There is a lot of excitement in healthcare about the use of artificial intelligence (AI) to improve clinical decision making.
Pioneered by IBM Watson’s choice for healthcare and DeepMinds Healthcare, AI promises to help specialists diagnose patients more accurately. Two years ago, McKinsey co-produced a report EIT Health of the European Union To explore the potential of AI in healthcare. Among the key opportunities the report’s authors found were healthcare operations: diagnostics, clinical decision support, triage and diagnosis, care delivery, chronic care management and self-care.
“First, the solutions have the potential to address the low-hanging fruit of routine, repetitive and largely administrative tasks, which absorb significant time of doctors and nurses, optimizing healthcare operations and increasing uptake,” they wrote. “In this first phase, we will also include AI applications based on imaging, which are already being used in specialties such as radiology, pathology and ophthalmology.”
The world of healthcare AI has not stood still and the European Parliament revealed in June Artificial Intelligence in Healthcare, Focusing on applications, risks, ethical and social implications. The paper’s authors recommend that risk assessment of AI should be domain-specific, as clinical and ethical risks vary in different medical fields such as radiology or pediatrics.
The paper’s authors wrote: “In future regulatory frameworks, the validation of medical AI technologies should be harmonized and strengthened so that multifaceted risks and limitations can be assessed and identified not only by assessing model accuracy and robustness, but Algorithmic justification, clinical safetyClinical Acceptability, Transparency and Traceability.”
Validation of medical AI technology is the main focus of research conducted by the Erasmus University Medical Center in Rotterdam. Earlier this month, Erasmus MC, University Medical Center Rotterdam, began working with health technology company Qure.ai to launch its AI Innovation Lab for Medical Imaging.
The initial program will run for three years and conduct detailed research on abnormality detection by AI algorithms for infectious and non-infectious disease conditions. The researchers hope to understand the potential use cases of AI in Europe and guide clinicians on best practices for adopting technology specific to their needs.
Jacob Visser, radiologist, chief medical information officer (CMIO) and assistant professor of value-based imaging at Erasmus MC, said: “It is important to realize that we have big challenges, an aging population and we have a lot of technology that is needed. will be used in a responsible manner. We are investigating how we can bring value to clinicians and patients using new technologies and how we can measure those advances.
Visser’s role as CMIO serves as a bridge between the medical side and technologists. “As a medical professional, the CMIO wants to steer IT in the right direction,” he said. “Physicians are interested in the possibilities that IT can offer. New technological developments trigger medical people to see more opportunities in areas such as precision medicine.”

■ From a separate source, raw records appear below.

lemma site_op_affine_in_alg_gen:
  assumes "finite I" "\<And>i. i \<in> I \<Longrightarrow> site_op d N x (M i) \<in> alg_gen d N S"
  shows "site_op d N x (\<lambda>a b. \<alpha> * (if a = b then 1 else 0) + (\<Sum>i\<in>I. f i * M i a b)) \<in> alg_gen d N S"
  unfolding site_op_affine using assms
  by (intro alg_gen.add alg_gen.smult alg_gen.unit alg_gen_lincomb)

definition partial_unit :: "nat \<Rightarrow> nat \<Rightarrow> cfg \<Rightarrow> cfg \<Rightarrow> nat \<Rightarrow> op" where
  "partial_unit d N c e n = (\<lambda>c1 c2.
     if c1 \<in> cfgs d N \<and> c2 \<in> cfgs d N \<and> (\<forall>x<n. c1 x = c x \<and> c2 x = e x) \<and> (\<forall>x\<ge>n. c1 x = c2 x)
     then 1 else 0)"

lemma partial_unit_0: "partial_unit d N c e 0 = op_id d N"
  by (intro ext) (auto simp: partial_unit_def op_id_def fun_eq_iff[symmetric])
lemma deg_le_imp_poly_deg_le:
  fixes f :: "(nat \<Rightarrow> 'a::{finite,field}) \<Rightarrow> 'a"
  assumes "deg_le n f (int D)"
  obtains g where "poly_deg_le n D g" "\<And>x. x \<in> vecs n \<Longrightarrow> f x = g x"
proof -
  obtain c where c: "\<And>x. x \<in> vecs n \<Longrightarrow>
      f x = (\<Sum>e\<in>{e\<in>exps TYPE('a) n. int (\<Sum>i<n. e i) \<le> int D}. c e * monom n e x)"
    using assms unfolding deg_le_def by blast
  have "poly_deg_le n D (\<lambda>x. \<Sum>e\<in>{e\<in>exps TYPE('a) n. int (\<Sum>i<n. e i) \<le> int D}. c e * monom n e x)"
    by (intro poly_deg_le_sum poly_deg_le_monom) (auto simp: finite_exps simp flip: of_nat_sum)
  thus ?thesis using that c by blast
qed

lemma RM_subset_Fchar:
  fixes h :: "(nat \<Rightarrow> 'a::{finite,field}) \<Rightarrow> 'a"
  assumes "deg_le k h (int e)" "d + e < k * (CARD('a) - 1)"
  shows "RM n d \<subseteq> Fchar n k h"
proof
  fix f :: "(nat \<Rightarrow> 'a) \<Rightarrow> 'a" assume f: "f \<in> RM n d"
  obtain g where g: "poly_deg_le n d g" "\<And>x. x \<in> vecs n \<Longrightarrow> f x = g x"
    using f unfolding RM_def by (auto elim: deg_le_imp_poly_deg_le)
  obtain g' where g': "poly_deg_le k e g'" "\<And>x. x \<in> vecs k \<Longrightarrow> h x = g' x"
    using deg_le_imp_poly_deg_le[OF assms(1)] by blast
  have "inner_prod k (f \<circ> T) h = 0" if T: "T \<in> affine_maps k n" for T
  proof -
    have "inner_prod k (f \<circ> T) h = (\<Sum>x\<in>vecs k. (g \<circ> T) x * g' x)"
      unfolding inner_prod_def using g(2) g'(2) affine_maps_in_vecs[OF T] by simp
    also have "\<dots> = 0"
      using poly_deg_le_mult[OF poly_deg_le_comp_affine[OF g(1) T] g'(1)] assms(2)
      by (rule sum_vecs_poly_deg_le_eq_0)
    finally show ?thesis .
  qed
  thus "f \<in> Fchar n k h" using f by (simp add: RM_def Fchar_def)
qed
lemma diffs_orthogonal_if_phi_ord_const:
  assumes const: "\<forall>x\<in>X. \<forall>y\<in>Y. phi_ord d x y = \<gamma>" and "\<forall>p. \<gamma> \<noteq> DOT p"
  shows "diffs_orthogonal d X Y \<or> diffs_orthogonal d Y X"
proof (cases \<gamma>)
  case (DOT p)
  with assms(2) show ?thesis by simp
next
  case (ZERO i s)
  then have "dotp d x y = 0" if "x \<in> X" and "y \<in> Y" for x y
    using const that by (blast intro: phi_ord_coordinate_colour_dotp)
  then show ?thesis
    unfolding diffs_orthogonal_def by simp
next
  case (UP i s)
  then have "dotp d y x = dotp d x x" if "x \<in> X" and "y \<in> Y" for x y
    using const that phi_ord_coordinate_colour_dotp(2) dotp_commute by metis
  then show ?thesis
    unfolding diffs_orthogonal_def by simp
next
  case (DOWN i s)
  then have "dotp d x y = dotp d y y" if "x \<in> X" and "y \<in> Y" for x y
    using const that by (blast intro: phi_ord_coordinate_colour_dotp)
  then show ?thesis
    unfolding diffs_orthogonal_def by simp
qed

lemma phi_oriented:
  assumes "\<forall>a\<in>A. \<forall>b\<in>B. first_diff a b = i" and "\<forall>a\<in>A. a i = a0 i" and "\<forall>b\<in>B. b i = b0 i"
    and "A \<inter> B = {}" and "a0 \<in> A" and "b0 \<in> B"
  shows "\<forall>a\<in>A. \<forall>b\<in>B. phi d r a b = (if lex_less r a0 b0 then phi_ord d a b else phi_ord d b a)"
proof (intro ballI)
  fix a b assume "a \<in> A" and "b \<in> B"
  then have "lex_less r a b = lex_less r a0 b0"
    using assms by (auto simp: lex_less_def)
  then show "phi d r a b = (if lex_less r a0 b0 then phi_ord d a b else phi_ord d b a)"
    by (simp add: phi_def)
qed

lemma diffs_orthogonal_if_phi_const:
  assumes mono: "\<forall>a\<in>A. \<forall>b\<in>B. phi d r a b = \<gamma>" and not_DOT: "\<forall>p. \<gamma> \<noteq> DOT p"
    and "\<forall>a\<in>A. \<forall>b\<in>B. first_diff a b = i" and "\<forall>a\<in>A. a i = a0 i" and "\<forall>b\<in>B. b i = b0 i"
    and "A \<inter> B = {}" and "a0 \<in> A" and "b0 \<in> B"
  shows "diffs_orthogonal d A B \<or> diffs_orthogonal d B A"
proof -
  have orient:
    "\<forall>a\<in>A. \<forall>b\<in>B. phi d r a b = (if lex_less r a0 b0 then phi_ord d a b else phi_ord d b a)"
    using assms(3-8) by (rule phi_oriented)
  show ?thesis
  proof (cases "lex_less r a0 b0")
    case True
    then have "\<forall>a\<in>A. \<forall>b\<in>B. phi_ord d a b = \<gamma>"
      using orient mono by simp
    then show ?thesis
      using not_DOT diffs_orthogonal_if_phi_ord_const by blast
  next
    case False
    then have "\<forall>b\<in>B. \<forall>a\<in>A. phi_ord d b a = \<gamma>"
      using orient mono by simp
    then show ?thesis
      using not_DOT diffs_orthogonal_if_phi_ord_const by blast
  qed
qed

lemma monochromatic_pair_bounds:
  fixes A B :: "(nat \<Rightarrow> 'a::field) set"
  assumes "A \<subseteq> vecs d" and "B \<subseteq> vecs d" and "A \<noteq> {}" and "B \<noteq> {}" and "A \<inter> B = {}"
    and mono: "\<forall>a\<in>A. \<forall>b\<in>B. phi d r a b = \<gamma>"
  shows "\<exists>w\<in>diff_span (A \<union> B). w \<notin> diff_span A \<and> w \<notin> diff_span B"
    and "fv.dim (diff_span A) + fv.dim (diff_span B) < d"
proof -
  obtain a0 b0 where a0: "a0 \<in> A" and b0: "b0 \<in> B"
    using assms(3,4) by blast
  have "(\<exists>w\<in>diff_span (A \<union> B). w \<notin> diff_span A \<and> w \<notin> diff_span B)
    \<and> fv.dim (diff_span A) + fv.dim (diff_span B) < d"
  proof (cases "\<exists>p. \<gamma> = DOT p")
    case True
    then obtain p where "\<gamma> = DOT p" ..
    then have "\<forall>a\<in>A. \<forall>b\<in>B. dotp d a b = p \<and> p \<noteq> dotp d a a \<and> p \<noteq> dotp d b b" and "p \<noteq> 0"
      using mono phi_DOT a0 b0 by blast+
    then show ?thesis
      using constant_dotp_pair_bounds[OF assms(1,2) a0 b0] by blast
  next
    case False
    then obtain i s where "\<gamma> \<in> {ZERO i s, UP i s, DOWN i s}"
      by (cases \<gamma>) auto
    then have coord: "\<forall>a\<in>A. \<forall>b\<in>B. first_diff a b = i \<and> a i + b i = s"
      using mono phi_coordinate_colour by metis
    have "a0 \<noteq> b0"
      using a0 b0 assms(5) by blast
    then have "i < d" and "a0 i \<noteq> b0 i"
      using coord a0 b0 assms(1,2) first_diff_less[of a0 d b0] first_diff_neq[of a0 b0] by auto
    have A_coord: "\<forall>a\<in>A. a i = a0 i" and B_coord: "\<forall>b\<in>B. b i = b0 i"
      using coord a0 b0 by (metis add_right_cancel, metis add_left_cancel)
    have "diffs_orthogonal d A B \<or> diffs_orthogonal d B A"
      using mono False coord A_coord B_coord assms(5) a0 b0
      by (intro diffs_orthogonal_if_phi_const[where i = i]) auto
    then show ?thesis
      using coordinate_separated_pair_bounds[OF assms(1,2) a0 b0 \<open>i < d\<close> A_coord B_coord]
        \<open>a0 i \<noteq> b0 i\<close>
      by blast
  qed
  then show "\<exists>w\<in>diff_span (A \<union> B). w \<notin> diff_span A \<and> w \<notin> diff_span B"
    and "fv.dim (diff_span A) + fv.dim (diff_span B) < d"
    by blast+
qed

section \<open>Leftover structures\<close>

lemma leftover_card_le:
  fixes T :: "(nat \<Rightarrow> 'a::field) set"
  assumes "leftover (phi d r) T" and "T \<subseteq> vecs d" and "d \<le> 4"
  shows "finite T \<and> card T \<le> max 1 (2 * fv.dim (diff_span T))"
  using assms(1,2)
proof (induction rule: leftover.induct)
  case (single v)
  then show ?case by simp
next
  case (split A B \<gamma>)
  have count: "m + k \<le> max 1 (2 * c)"
    if "m \<le> max 1 (2 * a)" "k \<le> max 1 (2 * b)" "a + b < 4" "a < c" "b < c" for m k a b c :: nat
    using that unfolding max_def by presburger
  have A_vecs: "A \<subseteq> vecs d" and B_vecs: "B \<subseteq> vecs d"
    using split.prems by auto
  note bounds = monochromatic_pair_bounds[OF A_vecs B_vecs split.hyps(1-3)
      \<open>\<forall>a\<in>A. \<forall>b\<in>B. phi d r a b = \<gamma>\<close>]
  obtain w where w: "w \<in> diff_span (A \<union> B)" "w \<notin> diff_span A" "w \<notin> diff_span B"
    using bounds(1) by blast
  have "A \<union> B \<subseteq> supported_below d"
    using split.prems vecs_subset_supported_below by blast
  then have "fv.dim (diff_span A) < fv.dim (diff_span (A \<union> B))"
    and "fv.dim (diff_span B) < fv.dim (diff_span (A \<union> B))"
    using w by (auto intro: dim_diff_span_less)
  moreover have "fv.dim (diff_span A) + fv.dim (diff_span B) < 4"
    using bounds(2) assms(3) by linarith
  ultimately have "card A + card B \<le> max 1 (2 * fv.dim (diff_span (A \<union> B)))"
    using split.IH(1)[OF A_vecs, THEN conjunct2] split.IH(2)[OF B_vecs, THEN conjunct2] count
    by blast
  moreover have "finite A" and "finite B"
    using split.IH(1)[OF A_vecs] split.IH(2)[OF B_vecs] by blast+
  moreover from this have "card (A \<union> B) = card A + card B"
    using split.hyps(3) by (rule card_Un_disjoint)
  ultimately show ?case
    by (simp only: finite_Un)
qed

theorem corollary3p13:
  fixes r :: "('a::{field,finite}) rel" and S :: "(nat \<Rightarrow> 'a) set"
  assumes "odd (card (UNIV :: 'a set))"
    and "linear_order_on (UNIV - {0}) r"
    and "S \<subseteq> vecs 4"
    and "card S = 8"
  shows "\<not> leftover (phi 4 r) S"
proof
  assume "leftover (phi 4 r) S"
  then show False
  proof cases
    case (single v)
    with assms(4) show False by simp
  next
    case (split A B \<gamma>)
    have count: "m + k < 8"
      if "m \<le> max 1 (2 * a)" "k \<le> max 1 (2 * b)" "a + b < 4" for m k a b :: nat
      using that unfolding max_def by presburger
    have A_vecs: "A \<subseteq> vecs 4" and B_vecs: "B \<subseteq> vecs 4"
      using assms(3) split(1) by auto
    have "finite A" "card A \<le> max 1 (2 * fv.dim (diff_span A))"
      and "finite B" "card B \<le> max 1 (2 * fv.dim (diff_span B))"
      using leftover_card_le[OF \<open>leftover (phi 4 r) A\<close> A_vecs]
        leftover_card_le[OF \<open>leftover (phi 4 r) B\<close> B_vecs]
      by simp_all
    moreover have "fv.dim (diff_span A) + fv.dim (diff_span B) < 4"
      by (rule monochromatic_pair_bounds(2)[OF A_vecs B_vecs split(2-4)]) fact
    ultimately have "card A + card B < 8"
      using count by blast
    then show False
      using assms(4) split(1,4) card_Un_disjoint[of A B] \<open>finite A\<close> \<open>finite B\<close> by simp
  qed
qed

end
lemma AE_lebn_enorm_nonzero:
  assumes "1 \<le> n"
  shows "AE x in lebn n. enorm n x \<noteq> 0"
proof (rule AE_I')
  have zero: "{x \<in> space (lebn n). enorm n x = 0} = Pi\<^sub>E {..<n} (\<lambda>_. {0})"
  proof (intro equalityI subsetI)
    fix x assume "x \<in> {x \<in> space (lebn n). enorm n x = 0}"
    hence x: "x \<in> Rn n" "(\<Sum>i<n. (x i)\<^sup>2) = 0" by (auto simp: space_lebn enorm_def)
    hence "\<forall>i\<in>{..<n}. (x i)\<^sup>2 = 0" by (subst (asm) sum_nonneg_eq_0_iff) auto
    thus "x \<in> Pi\<^sub>E {..<n} (\<lambda>_. {0})"
      using x by (auto simp: Rn_def PiE_iff extensional_def fun_eq_iff)
  qed (auto simp: space_lebn Rn_def PiE_iff enorm_def)
  have "emeasure (lebn n) (Pi\<^sub>E {..<n} (\<lambda>_. {0})) = 0"
    unfolding lebn_def using assms
    by (subst product_sigma_finite.emeasure_PiM[OF product_sigma_finite_lborel]) (auto simp: prod_zero_iff)
  moreover have "Pi\<^sub>E {..<n} (\<lambda>_. {0::real}) \<in> sets (lebn n)"
    unfolding lebn_def by (intro sets_PiM_I_finite) auto
  ultimately show "{x \<in> space (lebn n). enorm n x = 0} \<in> null_sets (lebn n)"
    by (simp add: zero null_sets_def)
qed auto

section \<open>Log-concave functions on the line\<close>

definition log_concave_fun :: "(real \<Rightarrow> real) \<Rightarrow> bool" where
  "log_concave_fun g \<longleftrightarrow> (\<forall>s. 0 \<le> g s) \<and>
     (\<forall>a b l. 0 < l \<and> l < 1 \<longrightarrow> g a powr l * g b powr (1 - l) \<le> g (l * a + (1 - l) * b))"

lemma log_concave_fun_nonneg: "log_concave_fun g \<Longrightarrow> 0 \<le> g s"
  by (simp add: log_concave_fun_def)

lemma log_concave_restrict_ray:
  assumes "log_concave n f"
  shows "log_concave_fun (\<lambda>s. f (dilate n s x))"
  using assms dilate_in_Rn[of n] unfolding log_concave_fun_def log_concave_def
  by (metis ccomb_dilate)

lemma log_concave_fun_mult_exp:
  assumes g: "log_concave_fun g"
  shows "log_concave_fun (\<lambda>s. exp (c * s) * g s)"
  unfolding log_concave_fun_def
proof (intro conjI allI impI)
  fix s show "0 \<le> exp (c * s) * g s" using log_concave_fun_nonneg[OF g] by simp
next
  fix a b l :: real assume l: "0 < l \<and> l < 1"
  have "(exp (c * a) * g a) powr l * (exp (c * b) * g b) powr (1 - l)
      = exp (c * (l * a + (1 - l) * b)) * (g a powr l * g b powr (1 - l))"
    by (simp add: powr_mult exp_powr_real log_concave_fun_nonneg[OF g] exp_add[symmetric] algebra_simps)
  also have "\<dots> \<le> exp (c * (l * a + (1 - l) * b)) * g (l * a + (1 - l) * b)"
    using g l by (simp add: log_concave_fun_def)
  finally show "(exp (c * a) * g a) powr l * (exp (c * b) * g b) powr (1 - l)
      \<le> exp (c * (l * a + (1 - l) * b)) * g (l * a + (1 - l) * b)" .
qed
(* Let $G$ be a spectrally threshold dominated graph on $n$ nodes with $m$ edges. Then there exists a threshold graph $T$ on $n$ nodes with $m$ edges such that $LE(T)\ge LE(G)$.
   Context: All graphs are finite and simple. For a graph $G$ on node set $\{1,\dots,n\}$ with edge set $E$, $m=|E|$, the Laplacian matrix is $L(G)=D(G)-A(G)$ (degree matrix minus adjacency matrix); its eigenvalues, the Laplacian eigenvalues of $G$, are denoted $\lambda_1(G)\ge\lambda_2(G)\ge\dots\ge\lambda_n(G)=0$. The Laplacian energy is $LE(G)=\sum_{i=1}^n\left|\lambda_i(G)-\frac{2m}{n}\right|$. A threshold graph is a graph obtainable from the empty graph by repeatedly adding a new node that is either isolated or adjacent to all previously added nodes. For a graph with degrees $d_1\ge\dots\ge d_n$, the conjugate degrees are $d_i^*=|\{j: d_j\ge i\}|$; for a threshold graph $T$ one has $\lambda_i(T)=d_i^*(T)$ for all $i$. A graph $G$ on $n$ nodes with $m$ edges is spectrally threshold dominated if for each $k\in\{1,\dots,n\}$ there is a threshold graph $T_k$ on $n$ nodes with $m$ edges satisfying $\sum_{i=1}^k\lambda_i(T_k)\ge\sum_{i=1}^k\lambda_i(G)$. *)

theory Defs
  imports "Jordan_Normal_Form.Char_Poly"
begin

text \<open>Simple graphs on the node set {0..<n} (nodes relabelled from {1..n}),
  edges are 2-element subsets of the node set.\<close>

definition simple_graph :: "nat \<Rightarrow> nat set set \<Rightarrow> bool" where
  "simple_graph n E \<longleftrightarrow> (\<forall>e\<in>E. \<exists>i j. i \<noteq> j \<and> i < n \<and> j < n \<and> e = {i, j})"
lemma zero_set_subset_kernel_if_line:
  assumes "d = Suc r" "trivial_kernel d r (\<lambda>l j. acoef j l)"
    and "z \<in> hspace d" "F z = (\<lambda>b. 0)" "l0 < d" "z l0 \<noteq> 0"
  shows "{H \<in> hspace d. \<forall>i<r. \<alpha> i H = 0} \<subseteq> {H \<in> hspace d. F H = (\<lambda>b. 0)}"
proof safe
  fix H assume H: "H \<in> hspace d" "\<forall>i<r. \<alpha> i H = 0"
  have "\<forall>i<r. \<alpha> i z = 0" using kernel_subset_zero_set assms(3,4) by blast
  define c where "c = H l0 / z l0"
  have "H = (\<lambda>k. c * z k)"
    unfolding c_def by (rule zero_set_line[of r acoef]) (use assms H \<open>\<forall>i<r. \<alpha> i z = 0\<close> in simp_all)
  then show "F H = (\<lambda>b. 0)"
    by (intro ext) (simp add: F_scale[OF \<open>z \<in> hspace d\<close>] \<open>F z = (\<lambda>b. 0)\<close>)
qed

end

section \<open>Normalised solutions of Problem 2\<close>

(* u i and w i are rescaled preimages of delta_i and delta_-i, see problem2_normalise; the
   assumptions F_hbasis and F_cross are the relations [X_i, X_-j] of Problem 2. *)
locale normalised_solution = weight_action +
  fixes u w :: "nat \<Rightarrow> nat \<Rightarrow> complex"
  assumes u_mem: "i < r \<Longrightarrow> u i \<in> hspace d"
    and w_mem: "i < r \<Longrightarrow> w i \<in> hspace d"
    and root_u: "i < r \<Longrightarrow> lin_fun d (acoef i) (u i) = 1"
    and root_w: "i < r \<Longrightarrow> lin_fun d (acoef i) (w i) = - 1"
    and F_hbasis: "i < r \<Longrightarrow> F (hbasis i) = F (\<lambda>k. u i k - w i k)"
    and F_cross: "i < r \<Longrightarrow> j < r \<Longrightarrow> i \<noteq> j \<Longrightarrow>
      F (\<lambda>k. lin_fun d (acoef j) (u i) * w j k + lin_fun d (acoef i) (w j) * u i k) = (\<lambda>b. 0)"
begin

Erasmus MC will run the laboratory, conducting research projects using Qure’s AI technology. The initial research project will focus on musculoskeletal and chest imaging. Visser says that when evaluating AI models, “it’s easy to verify that a fracture is correctly identified”.
This makes it possible to evaluate how well the AI copes, allowing researchers to gain meaningful insight into how often the AI mistakenly misses an actual fracture (false negative) or incorrectly classifies an X-ray scan as a fracture (false positive).
Discussing the level of scrutiny placed on the use of AI in healthcare, Vissier said: “Medical algorithms need to be approved, e.g. Federal Drug Administration [FDA] Achieve CE certification in the US and Europe.”
Looking at the partnership with Qure.ai, he added: “We see AI adoption in healthcare at a critical juncture, with clinicians seeking expert advice on how to best evaluate technology adoption. In Qure’s work to date, it is clear that they have gathered detailed insights into the effectiveness of AI in healthcare settings and together we will be able to evaluate effective use cases in European clinical environments.”
But there are plenty Challenges in using AI for healthcare Determine the cause. Even if an algorithm is approved by the FDA or CE certified, that doesn’t mean it will work in local clinical practice, Visier said. “We need to ensure that the AI algorithm meets the needs of our local practice,” he added. “What are the clinically relevant parameters that may be affected by the results produced by AI?”
The challenge is that the data used to develop a healthcare AI algorithm uses a specific dataset. Consequently, the resulting data model may not be representative of actual patient data in the local community. “When you externally validate an algorithm you see performance degradation,” Vissier said.
This is analogous to pharmaceutical trials, where side effects may vary between populations. The pharmaceutical sector monitors usage, which feeds into the product development cycle.
Looking ahead to his desire for research to come out of the new lab, Visier said: “I hope, within a year, the algorithms work, to prove the accuracy of their diagnoses, and I hope we start evaluating how these algorithms work. Daily Clinical Practice.”